(RECORDS TO USE):
lemma exists_partitions_with_block_meeting_many:
  assumes "finite G" "1 \<le> m" "m \<le> card G"
  obtains P P' R where "partition_on G P" "card P = m" "partition_on G P'" "card P' = m"
    "R \<in> P'" "min m (card G - m + 1) \<le> card {A\<in>P. A \<inter> R \<noteq> {}}"
proof -
  define k where "k = card G"
  obtain f where "bij_betw f {..<k} G"
    using ex_bij_betw_nat_finite[OF assms(1)] by (auto simp: k_def atLeast0LessThan)
  then have f: "inj_on f {..<k}" "f ` {..<k} = G" by (auto simp: bij_betw_def)
  define C where "C j = {x\<in>{..<k}. x mod m = j}" for j
  define P where "P = (\<lambda>j. f ` C j) ` {..<m}"
  define R where "R = f ` {..<k - m + 1}"
  define P' where "P' = insert R ((\<lambda>x. {x}) ` (G - R))"
  have "0 < m" "m \<le> k" using assms by (simp_all add: k_def)
  have C_self: "j \<in> C j" if "j < m" for j
    using that \<open>m \<le> k\<close> by (simp add: C_def)
  have inj_blocks: "inj_on (\<lambda>j. f ` C j) {..<m}"
  proof (rule inj_onI)
    fix i j assume "i \<in> {..<m}" "j \<in> {..<m}" "f ` C i = f ` C j"
    then have "f i \<in> f ` C j" using C_self by blast
    moreover have "C j \<subseteq> {..<k}" "i \<in> {..<k}" using \<open>i \<in> {..<m}\<close> \<open>m \<le> k\<close> by (auto simp: C_def)
    ultimately have "i \<in> C j" using inj_on_image_mem_iff[OF f(1)] by blast
    then show "i = j" using \<open>i \<in> {..<m}\<close> by (simp add: C_def)
  qed
  have "partition_on G P"
  proof -
    have "partition_on (f ` {..<k}) ((`) f ` C ` {..<m} - {{}})"
      using partition_on_inj_image[OF partition_on_residue_classes[OF \<open>0 < m\<close> \<open>m \<le> k\<close>] f(1)]
      by (simp add: C_def)
    moreover have "(`) f ` C ` {..<m} - {{}} = P"
      using C_self by (auto simp: P_def)
    ultimately show ?thesis using f(2) by simp
  qed
  moreover have "card P = m"
    using card_image[OF inj_blocks] by (simp add: P_def)
  moreover have "{..<k - m + 1} \<subseteq> {..<k}" using \<open>0 < m\<close> \<open>m \<le> k\<close> by auto
  then have "R \<subseteq> G" "R \<noteq> {}" "card R = k - m + 1"
    using f unfolding R_def by (auto simp: card_image inj_on_subset)
  then have "partition_on G P'"
    unfolding P'_def
    by (subst partition_on_insert) (simp_all add: disjnt_def partition_on_singletons)
  moreover have "card P' = m"
  proof -
    have "R \<notin> (\<lambda>x. {x}) ` (G - R)" using \<open>R \<noteq> {}\<close> by auto
    moreover have "card (G - R) = m - 1"
      using \<open>R \<subseteq> G\<close> \<open>card R = k - m + 1\<close> assms by (simp add: card_Diff_subset finite_subset k_def)
    ultimately show ?thesis
      using assms(1,2) by (simp add: P'_def card_image)
  qed
  moreover have "R \<in> P'" by (simp add: P'_def)
  moreover have "min m (k - m + 1) \<le> card {A\<in>P. A \<inter> R \<noteq> {}}"
  proof -
    have "f j \<in> f ` C j \<inter> R" if "j < min m (k - m + 1)" for j
      using that C_self by (simp add: R_def)
    then have "(\<lambda>j. f ` C j) ` {..<min m (k - m + 1)} \<subseteq> {A\<in>P. A \<inter> R \<noteq> {}}"
      unfolding P_def by fastforce
    moreover have "card ((\<lambda>j. f ` C j) ` {..<min m (k - m + 1)}) = min m (k - m + 1)"
      by (simp add: card_image inj_on_subset[OF inj_blocks])
    moreover have "finite {A\<in>P. A \<inter> R \<noteq> {}}" by (simp add: P_def)
    ultimately show ?thesis by (metis card_mono)
  qed
  ultimately show thesis using that by (simp add: k_def)
qed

(WORK INSTRUCTION): Only an exact copy of the lines from the beginning of the listing through the line with "(auto simp: bij_betw_def)", both included, belongs in the answer.

(YOUR RESPONSE):
lemma exists_partitions_with_block_meeting_many:
  assumes "finite G" "1 \<le> m" "m \<le> card G"
  obtains P P' R where "partition_on G P" "card P = m" "partition_on G P'" "card P' = m"
    "R \<in> P'" "min m (card G - m + 1) \<le> card {A\<in>P. A \<inter> R \<noteq> {}}"
proof -
  define k where "k = card G"
  obtain f where "bij_betw f {..<k} G"
    using ex_bij_betw_nat_finite[OF assms(1)] by (auto simp: k_def atLeast0LessThan)
  then have f: "inj_on f {..<k}" "f ` {..<k} = G" by (auto simp: bij_betw_def)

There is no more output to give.